• [Collection entries]:
⟨

text \<open>A discrete form of Myerson's bound \<open>p y \<le> \<integral>\<^sub>0\<^sup>y t dq(t)\<close>.\<close>

lemma payment_le_geometric_grid_partial_sum:
  assumes rule: "single_good_payment_rule q p" and g: "0 < g" and \<rho>: "1 < \<rho>" and y: "0 \<le> y"
  defines "G \<equiv> geometric_grid g \<rho>"
  obtains n where "p y \<le> g + (\<Sum>k<n. \<rho> * (q (G (Suc k)) - q (G k)) * G k)" "\<And>k. k < n \<Longrightarrow> G k \<le> y"
proof -
  define \<Delta> where "\<Delta> k = q (G (Suc k)) - q (G k)" for k
  have G: "0 < G k" "G k \<le> G (Suc k)" "G (Suc k) = \<rho> * G k" for k
    using g \<rho> by (simp_all add: G_def geometric_grid_pos geometric_grid_mono geometric_grid_Suc)
  have q: "0 \<le> x \<Longrightarrow> x \<le> x' \<Longrightarrow> q x \<le> q x' \<and> p x' - p x \<le> (q x' - q x) * x'"
      and p: "0 \<le> x \<Longrightarrow> p x \<le> x" for x x'
    using rule unfolding single_good_payment_rule_def by auto
  have \<Delta>: "0 \<le> \<Delta> k" for k
    using q[of "G k" "G (Suc k)"] G[of k] by (simp add: \<Delta>_def)
  have grid: "p (G n) \<le> g + (\<Sum>k<n. \<rho> * \<Delta> k * G k)" for n
  proof (induction n)
    case 0
    then show ?case using p[of g] g by (simp add: G_def geometric_grid_def)
  next
    case (Suc n)
    have "p (G (Suc n)) - p (G n) \<le> \<Delta> n * G (Suc n)"
      using q[of "G n" "G (Suc n)"] G[of n] by (simp add: \<Delta>_def)
    then show ?case using Suc G(3)[of n] by (simp add: algebra_simps)
  qed
  show ?thesis
  proof (cases "y < g")
    case True
    show ?thesis by (rule that[of 0]) (use p[OF y] True in simp_all)
  next
    case False
    then obtain m where m: "G m \<le> y" "y < G (Suc m)"
      using geometric_grid_bracket[OF g \<rho>, of y] unfolding G_def by force
    have "q y \<le> q (G (Suc m))" "p y - p (G m) \<le> (q y - q (G m)) * y"
      using q[of y "G (Suc m)"] q[of "G m" y] m G(1)[of m] y by simp_all
    then have "p y - p (G m) \<le> \<Delta> m * G (Suc m)"
      using m y \<Delta>[of m] unfolding \<Delta>_def by (smt (verit, best) mult_mono)
    then have "p y \<le> g + (\<Sum>k<Suc m. \<rho> * \<Delta> k * G k)"
      using grid[of m] G(3)[of m] by (simp add: algebra_simps)
    moreover have "G k \<le> y" if "k < Suc m" for k
      using that m(1) g \<rho> geometric_grid_mono[of g \<rho> k m] by (simp add: G_def)
    ultimately show ?thesis unfolding \<Delta>_def by (rule that)
  qed
qed

lemma payment_le_geometric_grid_sum:
  assumes rule: "single_good_payment_rule q p" and g: "0 < g" and \<rho>: "1 < \<rho>" and y: "0 \<le> y"
  defines "G \<equiv> geometric_grid g \<rho>"
  shows "ennreal (p y)
           \<le> ennreal g + (\<Sum>k. ennreal (\<rho> * (q (G (Suc k)) - q (G k)) * G k) * indicator {G k..} y)"
proof -
  obtain n where n: "p y \<le> g + (\<Sum>k<n. \<rho> * (q (G (Suc k)) - q (G k)) * G k)" "\<And>k. k < n \<Longrightarrow> G k \<le> y"
    using payment_le_geometric_grid_partial_sum[OF rule g \<rho> y] unfolding G_def by blast
  have "0 \<le> \<rho> * (q (G (Suc k)) - q (G k)) * G k" for k
    using rule g \<rho> geometric_grid_pos[OF g \<rho>, of k] geometric_grid_mono[OF g \<rho>, of k "Suc k"]
    unfolding single_good_payment_rule_def G_def by simp
  moreover have "ennreal (p y) \<le> ennreal (g + (\<Sum>k<n. \<rho> * (q (G (Suc k)) - q (G k)) * G k))"
    using n(1) by (rule ennreal_leI)
  ultimately have "ennreal (p y) \<le> ennreal g + (\<Sum>k<n. ennreal (\<rho> * (q (G (Suc k)) - q (G k)) * G k))"
    using g by (simp add: sum_nonneg)
  also have "\<dots> \<le> ennreal g + (\<Sum>k. ennreal (\<rho> * (q (G (Suc k)) - q (G k)) * G k) * indicator {G k..} y)"
    using n(2) by (intro add_left_mono sum_lessThan_le_suminf_indicator) simp
  finally show ?thesis .
qed

lemma nn_integral_single_good_payment_le_grid:
  assumes D: "prob_space D" "sets D = sets borel" and nonneg: "AE x in D. 0 \<le> x"
    and tail: "\<And>y. 0 \<le> y \<Longrightarrow> y * measure D {y..} \<le> r"
    and rule: "single_good_payment_rule q p" and g: "0 < g" and \<rho>: "1 < \<rho>"
  shows "(\<integral>\<^sup>+ x. ennreal (p x) \<partial>D) \<le> ennreal (g + \<rho> * r)"
proof -
  interpret prob_space D by fact
  define G where "G = geometric_grid g \<rho>"
  define \<Delta> where "\<Delta> k = q (G (Suc k)) - q (G k)" for k
  have G: "0 < G k" "G k \<le> G (Suc k)" for k
    using g \<rho> by (simp_all add: G_def geometric_grid_pos geometric_grid_mono)
  have q: "0 \<le> x \<Longrightarrow> 0 \<le> q x \<and> q x \<le> 1" "0 \<le> x \<Longrightarrow> x \<le> x' \<Longrightarrow> q x \<le> q x'" for x x'
    using rule unfolding single_good_payment_rule_def by auto
  have \<Delta>: "0 \<le> \<Delta> k" for k
    using q(2)[of "G k" "G (Suc k)"] G[of k] by (simp add: \<Delta>_def)
  have r: "0 \<le> r" using tail[of 0] by simp
  have "(\<integral>\<^sup>+ x. ennreal (p x) \<partial>D)
          \<le> ennreal g + (\<Sum>k. ennreal (\<rho> * \<Delta> k * G k) * emeasure D {G k..})"
    using D(2) nonneg payment_le_geometric_grid_sum[OF rule g \<rho>]
    by (intro nn_integral_le_const_plus_suminf_indicator[OF D(1)])
       (auto simp: \<Delta>_def G_def elim!: eventually_mono)
  also have "\<dots> \<le> ennreal g + (\<Sum>k. ennreal (\<rho> * r * \<Delta> k))"
  proof (intro add_left_mono suminf_le)
    fix k
    have "ennreal (\<rho> * \<Delta> k * G k) * emeasure D {G k..} = ennreal (\<rho> * \<Delta> k * (G k * measure D {G k..}))"
      using \<rho> \<Delta>[of k] G(1)[of k] by (simp add: emeasure_eq_measure ennreal_mult[symmetric] mult.assoc)
    also have "\<dots> \<le> ennreal (\<rho> * \<Delta> k * r)"
      using tail[of "G k"] G(1)[of k] \<Delta>[of k] \<rho> by (intro ennreal_leI mult_left_mono) auto
    finally show "ennreal (\<rho> * \<Delta> k * G k) * emeasure D {G k..} \<le> ennreal (\<rho> * r * \<Delta> k)"
      by (simp add: ac_simps)
  qed auto
  also have "\<dots> \<le> ennreal g + ennreal (\<rho> * r)"
  proof (intro add_left_mono, subst suminf_eq_SUP, rule SUP_least)
    fix n
    have "(\<Sum>k<n. \<Delta> k) = q (G n) - q (G 0)"
      unfolding \<Delta>_def by (rule sum_lessThan_telescope)
    also have "\<dots> \<le> 1" using q(1)[of "G n"] q(1)[of "G 0"] G(1)[of n] G(1)[of 0] by simp
    finally have "(\<Sum>k<n. \<rho> * r * \<Delta> k) \<le> \<rho> * r"
      using \<rho> r by (simp add: sum_distrib_left[symmetric] mult_left_le)
    then show "(\<Sum>k<n. ennreal (\<rho> * r * \<Delta> k)) \<le> ennreal (\<rho> * r)"
      using \<rho> r \<Delta> by (simp add: ennreal_leI)
  qed
  finally show ?thesis
    using g \<rho> r by simp
qed

lemma nn_integral_single_good_payment_le:
  assumes D: "prob_space D" "sets D = sets borel" and nonneg: "AE x in D. 0 \<le> x"
    and tail: "\<And>y. 0 \<le> y \<Longrightarrow> y * measure D {y..} \<le> r"
    and rule: "single_good_payment_rule q p"
  shows "(\<integral>\<^sup>+ x. ennreal (p x) \<partial>D) \<le> ennreal r"
proof (rule ennreal_le_epsilon)
  fix e :: real assume e: "0 < e"
  have r: "0 \<le> r" using tail[of 0] by simp
  define \<rho> where "\<rho> = 1 + e / (2 * (r + 1))"
  have "\<rho> * r = r + e / 2 * (r / (r + 1))"
    using r by (simp add: \<rho>_def field_simps)
  also have "\<dots> \<le> r + e / 2"
    using e r by (intro add_left_mono mult_left_le) auto
  finally have "e / 2 + \<rho> * r \<le> r + e" by simp
  have "(\<integral>\<^sup>+ x. ennreal (p x) \<partial>D) \<le> ennreal (e / 2 + \<rho> * r)"
    using e r by (intro nn_integral_single_good_payment_le_grid[OF D nonneg tail rule])
      (auto simp: \<rho>_def)
  also have "\<dots> \<le> ennreal (r + e)"
    using \<open>e / 2 + \<rho> * r \<le> r + e\<close> by (rule ennreal_leI)
  finally show "(\<integral>\<^sup>+ x. ennreal (p x) \<partial>D) \<le> ennreal r + ennreal e"
    using r e by simp
qed

text \<open>
  The primitive of \<open>min 1 (s\<^sup>2 / t\<^sup>2)\<close>, which dominates \<open>P[X\<^sub>1 \<ge> t] P[X\<^sub>2 \<ge> t]\<close> when
  \<open>s\<^sup>2 = r\<^sub>1 r\<^sub>2\<close>; its total mass is \<open>2 s\<close>.
\<close>
definition min_potential :: "real \<Rightarrow> real \<Rightarrow> real" where
  "min_potential s t = (if t \<le> s then t else 2 * s - s\<^sup>2 / t)"

lemma min_potential_bounds:
  assumes "0 \<le> s" "0 \<le> t"
  shows "0 \<le> min_potential s t" "min_potential s t \<le> 2 * s"
proof -
  have "s\<^sup>2 / t \<le> s \<and> 0 \<le> s\<^sup>2 / t" if "s < t"
    using that assms by (simp add: divide_le_eq power2_eq_square mult_left_mono)
  then show "0 \<le> min_potential s t" "min_potential s t \<le> 2 * s"
    using assms by (auto simp: min_potential_def)
qed

lemma min_potential_increment_crossing:
  assumes a: "0 < a" and \<rho>: "1 < \<rho>" and s: "a < s" "s < \<rho> * a"
  shows "(\<rho> - 1) * a / \<rho> \<le> min_potential s (\<rho> * a) - min_potential s a"
proof -
  define b where "b = \<rho> * a"
  have b: "0 < b" using a \<rho> by (simp add: b_def)
  have "b * ((\<rho> - 1) * a / \<rho>) \<le> b * (2 * s - s * s / b - a)"
  proof -
    have "b * (s * s / b) = s * s" using b by simp
    moreover have "b * ((\<rho> - 1) * a / \<rho>) = (b - a) * a"
      using \<rho> by (simp add: b_def field_simps)
    ultimately have "b * (2 * s - s * s / b - a) - b * ((\<rho> - 1) * a / \<rho>) = (s - a) * (2 * b - s - a)"
      by (simp add: algebra_simps)
    also have "0 \<le> \<dots>" using s by (simp add: b_def)
    finally show ?thesis by simp
  qed
  then have "(\<rho> - 1) * a / \<rho> \<le> 2 * s - s * s / b - a"
    using b by (subst (asm) mult_le_cancel_left_pos) auto
  then show ?thesis
    using s by (simp add: b_def min_potential_def power2_eq_square)
qed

⟩

Once you find the line with "a) - b * ((\<rho>" in the entries above, output it and each line after it up to and including the line with "a / \<rho> \<le> 2", and nothing else.

• [Result of the exercise]:
    ultimately have "b * (2 * s - s * s / b - a) - b * ((\<rho> - 1) * a / \<rho>) = (s - a) * (2 * b - s - a)"
      by (simp add: algebra_simps)
    also have "0 \<le> \<dots>" using s by (simp add: b_def)
    finally show ?thesis by simp
  qed
  then have "(\<rho> - 1) * a / \<rho> \<le> 2 * s - s * s / b - a"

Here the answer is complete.